— Problem to solve —
Within the entries below, find the portion that opens with the line containing "Perron subfunction of Omega_delta, extended" and closes with the line containing "measure and subtract". Retype that portion exactly and only.

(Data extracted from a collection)

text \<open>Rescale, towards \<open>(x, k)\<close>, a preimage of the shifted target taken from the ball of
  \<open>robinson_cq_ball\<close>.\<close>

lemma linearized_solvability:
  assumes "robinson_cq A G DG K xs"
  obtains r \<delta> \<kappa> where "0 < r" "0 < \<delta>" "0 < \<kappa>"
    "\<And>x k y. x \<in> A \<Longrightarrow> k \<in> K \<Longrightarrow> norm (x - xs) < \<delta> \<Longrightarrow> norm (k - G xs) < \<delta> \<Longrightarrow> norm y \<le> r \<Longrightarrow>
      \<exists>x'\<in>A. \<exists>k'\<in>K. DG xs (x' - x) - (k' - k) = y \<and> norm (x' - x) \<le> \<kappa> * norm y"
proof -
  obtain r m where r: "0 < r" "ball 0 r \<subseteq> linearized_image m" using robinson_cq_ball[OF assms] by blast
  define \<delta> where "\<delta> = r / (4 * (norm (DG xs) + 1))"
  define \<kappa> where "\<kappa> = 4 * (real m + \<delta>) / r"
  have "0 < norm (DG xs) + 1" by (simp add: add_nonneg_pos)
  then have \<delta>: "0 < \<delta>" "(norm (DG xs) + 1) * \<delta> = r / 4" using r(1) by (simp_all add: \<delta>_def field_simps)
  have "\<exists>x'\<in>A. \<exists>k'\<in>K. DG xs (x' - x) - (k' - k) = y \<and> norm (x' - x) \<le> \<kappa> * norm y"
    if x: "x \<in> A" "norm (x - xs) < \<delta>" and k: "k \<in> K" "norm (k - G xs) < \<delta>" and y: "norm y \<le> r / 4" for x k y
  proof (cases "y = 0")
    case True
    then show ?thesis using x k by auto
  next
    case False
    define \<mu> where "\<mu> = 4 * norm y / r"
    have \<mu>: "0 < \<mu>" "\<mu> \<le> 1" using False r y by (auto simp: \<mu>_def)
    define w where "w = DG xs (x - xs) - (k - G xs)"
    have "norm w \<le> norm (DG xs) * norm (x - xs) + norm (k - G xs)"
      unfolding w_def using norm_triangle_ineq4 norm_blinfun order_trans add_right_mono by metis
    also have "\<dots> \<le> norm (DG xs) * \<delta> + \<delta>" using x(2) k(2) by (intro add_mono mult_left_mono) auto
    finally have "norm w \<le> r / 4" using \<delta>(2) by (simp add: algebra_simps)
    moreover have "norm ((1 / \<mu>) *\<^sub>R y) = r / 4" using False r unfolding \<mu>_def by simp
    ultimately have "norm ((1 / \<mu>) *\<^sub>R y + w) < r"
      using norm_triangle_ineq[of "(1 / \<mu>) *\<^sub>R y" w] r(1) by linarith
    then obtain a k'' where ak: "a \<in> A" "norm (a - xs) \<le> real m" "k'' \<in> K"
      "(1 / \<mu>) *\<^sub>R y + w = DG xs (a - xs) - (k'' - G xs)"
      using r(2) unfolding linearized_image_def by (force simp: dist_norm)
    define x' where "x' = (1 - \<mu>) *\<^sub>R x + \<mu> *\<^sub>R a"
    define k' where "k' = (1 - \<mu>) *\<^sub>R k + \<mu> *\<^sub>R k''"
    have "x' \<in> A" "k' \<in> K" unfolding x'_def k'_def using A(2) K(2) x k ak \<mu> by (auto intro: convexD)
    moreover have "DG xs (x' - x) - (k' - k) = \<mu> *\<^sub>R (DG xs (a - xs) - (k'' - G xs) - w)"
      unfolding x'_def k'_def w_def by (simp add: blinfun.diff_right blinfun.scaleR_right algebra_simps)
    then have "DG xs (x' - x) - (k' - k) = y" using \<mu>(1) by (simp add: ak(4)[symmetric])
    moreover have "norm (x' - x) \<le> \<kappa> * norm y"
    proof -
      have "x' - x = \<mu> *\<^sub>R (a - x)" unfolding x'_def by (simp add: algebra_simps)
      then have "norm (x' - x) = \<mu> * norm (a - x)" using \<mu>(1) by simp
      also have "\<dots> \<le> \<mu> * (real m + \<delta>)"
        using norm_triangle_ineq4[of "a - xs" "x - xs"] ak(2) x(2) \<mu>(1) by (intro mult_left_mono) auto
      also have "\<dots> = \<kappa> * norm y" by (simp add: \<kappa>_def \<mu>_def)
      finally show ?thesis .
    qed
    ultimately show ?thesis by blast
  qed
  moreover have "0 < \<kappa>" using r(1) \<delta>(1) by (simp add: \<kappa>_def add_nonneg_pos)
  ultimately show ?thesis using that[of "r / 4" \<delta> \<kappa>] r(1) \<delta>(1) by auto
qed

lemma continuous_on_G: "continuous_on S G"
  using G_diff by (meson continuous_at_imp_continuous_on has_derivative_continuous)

...

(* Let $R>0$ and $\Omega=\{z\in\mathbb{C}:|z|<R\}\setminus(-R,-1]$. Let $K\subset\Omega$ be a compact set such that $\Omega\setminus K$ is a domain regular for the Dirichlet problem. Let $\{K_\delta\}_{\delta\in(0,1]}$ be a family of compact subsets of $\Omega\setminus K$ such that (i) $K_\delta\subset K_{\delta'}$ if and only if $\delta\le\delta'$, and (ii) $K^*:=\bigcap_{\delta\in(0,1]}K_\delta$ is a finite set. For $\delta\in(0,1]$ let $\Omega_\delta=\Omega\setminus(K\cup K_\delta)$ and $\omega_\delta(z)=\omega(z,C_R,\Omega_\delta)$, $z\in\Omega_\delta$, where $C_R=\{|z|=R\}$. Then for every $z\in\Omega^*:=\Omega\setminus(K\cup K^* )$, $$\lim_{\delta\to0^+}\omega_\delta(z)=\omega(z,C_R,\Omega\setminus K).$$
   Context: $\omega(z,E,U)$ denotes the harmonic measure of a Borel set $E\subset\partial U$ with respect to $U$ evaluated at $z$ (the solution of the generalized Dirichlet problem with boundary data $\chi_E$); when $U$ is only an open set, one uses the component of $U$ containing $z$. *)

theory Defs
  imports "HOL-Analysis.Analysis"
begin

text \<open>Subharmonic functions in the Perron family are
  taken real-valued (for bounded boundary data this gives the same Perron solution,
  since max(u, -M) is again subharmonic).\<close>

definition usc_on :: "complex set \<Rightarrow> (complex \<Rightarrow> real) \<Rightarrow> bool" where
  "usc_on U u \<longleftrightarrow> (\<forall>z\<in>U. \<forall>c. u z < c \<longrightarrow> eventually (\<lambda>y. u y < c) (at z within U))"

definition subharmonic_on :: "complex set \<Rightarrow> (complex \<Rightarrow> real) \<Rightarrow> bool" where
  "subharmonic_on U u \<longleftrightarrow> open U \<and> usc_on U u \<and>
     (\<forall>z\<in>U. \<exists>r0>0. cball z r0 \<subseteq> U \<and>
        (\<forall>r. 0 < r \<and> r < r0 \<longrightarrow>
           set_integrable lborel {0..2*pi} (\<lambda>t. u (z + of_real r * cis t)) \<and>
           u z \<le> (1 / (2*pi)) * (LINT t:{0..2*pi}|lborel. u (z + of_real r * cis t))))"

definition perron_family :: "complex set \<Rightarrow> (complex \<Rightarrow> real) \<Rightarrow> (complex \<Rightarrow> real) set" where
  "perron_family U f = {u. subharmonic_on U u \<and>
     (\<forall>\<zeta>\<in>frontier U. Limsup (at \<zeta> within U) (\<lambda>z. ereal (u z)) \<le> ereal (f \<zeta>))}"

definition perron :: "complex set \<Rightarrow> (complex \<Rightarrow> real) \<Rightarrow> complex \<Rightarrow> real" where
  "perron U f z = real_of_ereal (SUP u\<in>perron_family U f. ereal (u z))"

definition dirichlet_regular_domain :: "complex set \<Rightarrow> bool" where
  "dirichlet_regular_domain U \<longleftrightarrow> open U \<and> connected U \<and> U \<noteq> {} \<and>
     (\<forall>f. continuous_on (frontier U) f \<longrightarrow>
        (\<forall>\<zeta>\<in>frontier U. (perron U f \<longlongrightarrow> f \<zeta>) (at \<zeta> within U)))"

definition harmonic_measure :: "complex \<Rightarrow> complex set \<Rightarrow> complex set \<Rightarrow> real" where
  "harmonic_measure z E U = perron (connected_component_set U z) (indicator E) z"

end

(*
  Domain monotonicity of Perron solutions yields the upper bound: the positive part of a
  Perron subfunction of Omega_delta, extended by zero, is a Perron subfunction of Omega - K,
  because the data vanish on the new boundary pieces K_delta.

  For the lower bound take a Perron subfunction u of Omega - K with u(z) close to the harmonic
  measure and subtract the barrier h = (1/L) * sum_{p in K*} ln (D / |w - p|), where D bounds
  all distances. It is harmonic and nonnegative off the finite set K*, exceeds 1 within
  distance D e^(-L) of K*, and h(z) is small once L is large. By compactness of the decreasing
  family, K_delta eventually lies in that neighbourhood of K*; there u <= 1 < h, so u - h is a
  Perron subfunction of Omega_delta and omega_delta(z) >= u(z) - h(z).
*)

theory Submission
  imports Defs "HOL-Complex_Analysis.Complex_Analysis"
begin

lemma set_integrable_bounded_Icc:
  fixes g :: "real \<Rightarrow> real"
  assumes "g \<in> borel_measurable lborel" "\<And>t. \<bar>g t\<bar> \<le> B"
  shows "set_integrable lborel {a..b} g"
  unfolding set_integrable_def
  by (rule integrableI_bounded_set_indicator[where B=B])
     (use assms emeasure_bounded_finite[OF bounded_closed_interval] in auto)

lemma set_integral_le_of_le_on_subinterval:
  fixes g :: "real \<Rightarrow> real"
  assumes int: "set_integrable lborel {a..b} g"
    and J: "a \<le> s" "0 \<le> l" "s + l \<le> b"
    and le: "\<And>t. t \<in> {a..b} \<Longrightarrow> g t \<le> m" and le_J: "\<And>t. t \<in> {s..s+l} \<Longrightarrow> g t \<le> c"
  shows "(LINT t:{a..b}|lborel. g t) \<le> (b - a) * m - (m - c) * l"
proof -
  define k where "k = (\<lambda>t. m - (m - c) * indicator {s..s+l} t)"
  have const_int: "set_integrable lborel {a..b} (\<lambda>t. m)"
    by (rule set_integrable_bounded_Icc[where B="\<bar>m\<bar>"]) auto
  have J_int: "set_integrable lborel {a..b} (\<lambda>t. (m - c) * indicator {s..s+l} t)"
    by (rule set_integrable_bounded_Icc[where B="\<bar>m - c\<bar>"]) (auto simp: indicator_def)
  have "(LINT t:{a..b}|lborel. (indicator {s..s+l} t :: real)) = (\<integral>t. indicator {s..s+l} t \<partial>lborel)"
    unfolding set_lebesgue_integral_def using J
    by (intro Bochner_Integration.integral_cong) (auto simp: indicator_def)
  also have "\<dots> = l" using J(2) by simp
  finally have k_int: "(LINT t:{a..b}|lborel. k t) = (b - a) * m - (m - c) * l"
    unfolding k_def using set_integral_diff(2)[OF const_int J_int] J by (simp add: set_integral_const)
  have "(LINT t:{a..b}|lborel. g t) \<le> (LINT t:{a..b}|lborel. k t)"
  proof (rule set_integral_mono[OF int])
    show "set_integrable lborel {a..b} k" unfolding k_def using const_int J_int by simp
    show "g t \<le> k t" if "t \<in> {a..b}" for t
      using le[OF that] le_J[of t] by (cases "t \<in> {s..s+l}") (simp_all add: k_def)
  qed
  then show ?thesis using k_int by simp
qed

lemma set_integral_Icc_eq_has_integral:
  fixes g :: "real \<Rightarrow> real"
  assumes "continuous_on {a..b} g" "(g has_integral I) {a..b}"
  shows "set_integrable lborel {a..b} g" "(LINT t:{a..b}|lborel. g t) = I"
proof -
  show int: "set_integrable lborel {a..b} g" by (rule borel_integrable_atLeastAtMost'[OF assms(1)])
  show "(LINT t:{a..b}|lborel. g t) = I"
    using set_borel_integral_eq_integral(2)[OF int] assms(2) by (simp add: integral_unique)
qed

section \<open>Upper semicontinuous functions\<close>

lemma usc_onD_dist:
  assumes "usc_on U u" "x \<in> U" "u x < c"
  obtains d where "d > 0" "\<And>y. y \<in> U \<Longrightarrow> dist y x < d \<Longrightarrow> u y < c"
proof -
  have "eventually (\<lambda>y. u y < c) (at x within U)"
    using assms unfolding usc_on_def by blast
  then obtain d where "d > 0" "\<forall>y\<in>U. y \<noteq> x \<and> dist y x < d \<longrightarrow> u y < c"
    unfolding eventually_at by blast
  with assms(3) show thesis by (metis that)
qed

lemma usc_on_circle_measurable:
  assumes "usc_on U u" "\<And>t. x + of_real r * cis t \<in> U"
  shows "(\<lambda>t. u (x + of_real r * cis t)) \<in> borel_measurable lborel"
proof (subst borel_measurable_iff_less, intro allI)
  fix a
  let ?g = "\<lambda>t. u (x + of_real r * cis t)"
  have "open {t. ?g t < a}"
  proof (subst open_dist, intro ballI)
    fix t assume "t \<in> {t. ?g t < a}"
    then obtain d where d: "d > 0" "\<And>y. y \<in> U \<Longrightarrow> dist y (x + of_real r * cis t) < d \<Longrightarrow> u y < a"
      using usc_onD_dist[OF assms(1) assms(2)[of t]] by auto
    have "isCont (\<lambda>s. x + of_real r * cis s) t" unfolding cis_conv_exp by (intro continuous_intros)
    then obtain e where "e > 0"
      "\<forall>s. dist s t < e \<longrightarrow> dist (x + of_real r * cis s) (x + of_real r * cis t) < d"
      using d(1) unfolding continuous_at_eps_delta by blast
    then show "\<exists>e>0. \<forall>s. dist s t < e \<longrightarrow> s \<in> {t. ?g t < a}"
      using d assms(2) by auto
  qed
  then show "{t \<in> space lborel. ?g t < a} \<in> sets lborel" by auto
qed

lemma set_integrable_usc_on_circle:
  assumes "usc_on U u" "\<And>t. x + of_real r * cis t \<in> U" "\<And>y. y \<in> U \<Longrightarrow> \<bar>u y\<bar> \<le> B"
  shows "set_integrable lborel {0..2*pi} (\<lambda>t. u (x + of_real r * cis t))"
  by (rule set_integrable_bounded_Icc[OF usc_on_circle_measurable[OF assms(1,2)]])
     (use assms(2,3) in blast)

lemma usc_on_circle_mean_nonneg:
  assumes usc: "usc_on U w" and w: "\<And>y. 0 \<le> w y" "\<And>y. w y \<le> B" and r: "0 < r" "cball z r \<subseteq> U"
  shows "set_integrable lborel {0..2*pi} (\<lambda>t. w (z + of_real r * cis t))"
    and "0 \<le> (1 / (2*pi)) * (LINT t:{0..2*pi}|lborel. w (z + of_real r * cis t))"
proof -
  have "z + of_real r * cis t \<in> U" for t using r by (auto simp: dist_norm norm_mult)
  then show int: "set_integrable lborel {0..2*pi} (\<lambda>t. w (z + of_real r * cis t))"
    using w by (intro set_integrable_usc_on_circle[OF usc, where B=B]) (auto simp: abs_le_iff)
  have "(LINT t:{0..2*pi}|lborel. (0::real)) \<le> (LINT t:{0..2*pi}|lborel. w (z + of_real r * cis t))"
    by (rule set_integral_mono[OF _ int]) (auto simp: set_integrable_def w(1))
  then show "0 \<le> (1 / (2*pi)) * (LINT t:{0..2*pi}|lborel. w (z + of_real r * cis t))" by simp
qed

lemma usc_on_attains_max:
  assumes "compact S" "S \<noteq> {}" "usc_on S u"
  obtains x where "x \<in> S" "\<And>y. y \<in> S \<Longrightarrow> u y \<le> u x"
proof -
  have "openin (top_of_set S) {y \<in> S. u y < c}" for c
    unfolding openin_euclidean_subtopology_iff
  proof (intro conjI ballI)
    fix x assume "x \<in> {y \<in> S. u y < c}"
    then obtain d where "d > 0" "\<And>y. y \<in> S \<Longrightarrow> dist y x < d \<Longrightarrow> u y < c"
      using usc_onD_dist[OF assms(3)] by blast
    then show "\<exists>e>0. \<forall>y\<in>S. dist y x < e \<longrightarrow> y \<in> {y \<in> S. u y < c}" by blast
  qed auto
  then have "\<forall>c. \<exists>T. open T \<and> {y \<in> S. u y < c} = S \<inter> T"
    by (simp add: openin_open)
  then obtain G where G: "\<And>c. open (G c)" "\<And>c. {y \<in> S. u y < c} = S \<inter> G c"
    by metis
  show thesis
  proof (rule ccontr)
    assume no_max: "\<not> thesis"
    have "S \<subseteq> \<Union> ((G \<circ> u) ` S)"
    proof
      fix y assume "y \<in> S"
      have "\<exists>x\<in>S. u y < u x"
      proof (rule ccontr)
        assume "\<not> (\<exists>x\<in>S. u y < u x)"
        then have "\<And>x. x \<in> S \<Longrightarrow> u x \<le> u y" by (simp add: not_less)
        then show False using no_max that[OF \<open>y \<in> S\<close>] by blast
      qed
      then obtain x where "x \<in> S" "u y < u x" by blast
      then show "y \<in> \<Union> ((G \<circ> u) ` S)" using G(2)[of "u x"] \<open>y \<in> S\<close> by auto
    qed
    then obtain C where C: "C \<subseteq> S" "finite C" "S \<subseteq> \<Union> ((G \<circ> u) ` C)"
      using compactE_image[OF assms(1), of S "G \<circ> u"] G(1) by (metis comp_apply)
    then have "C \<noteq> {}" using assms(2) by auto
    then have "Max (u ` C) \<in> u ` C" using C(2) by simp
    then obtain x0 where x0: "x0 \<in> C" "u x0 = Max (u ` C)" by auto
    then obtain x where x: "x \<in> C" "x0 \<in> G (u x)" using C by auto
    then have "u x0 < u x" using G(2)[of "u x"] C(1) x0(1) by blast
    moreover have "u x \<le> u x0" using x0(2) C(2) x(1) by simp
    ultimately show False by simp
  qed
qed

— Response box —
  Perron subfunction of Omega_delta, extended by zero, is a Perron subfunction of Omega - K,
  because the data vanish on the new boundary pieces K_delta.

  For the lower bound take a Perron subfunction u of Omega - K with u(z) close to the harmonic
  measure and subtract the barrier h = (1/L) * sum_{p in K*} ln (D / |w - p|), where D bounds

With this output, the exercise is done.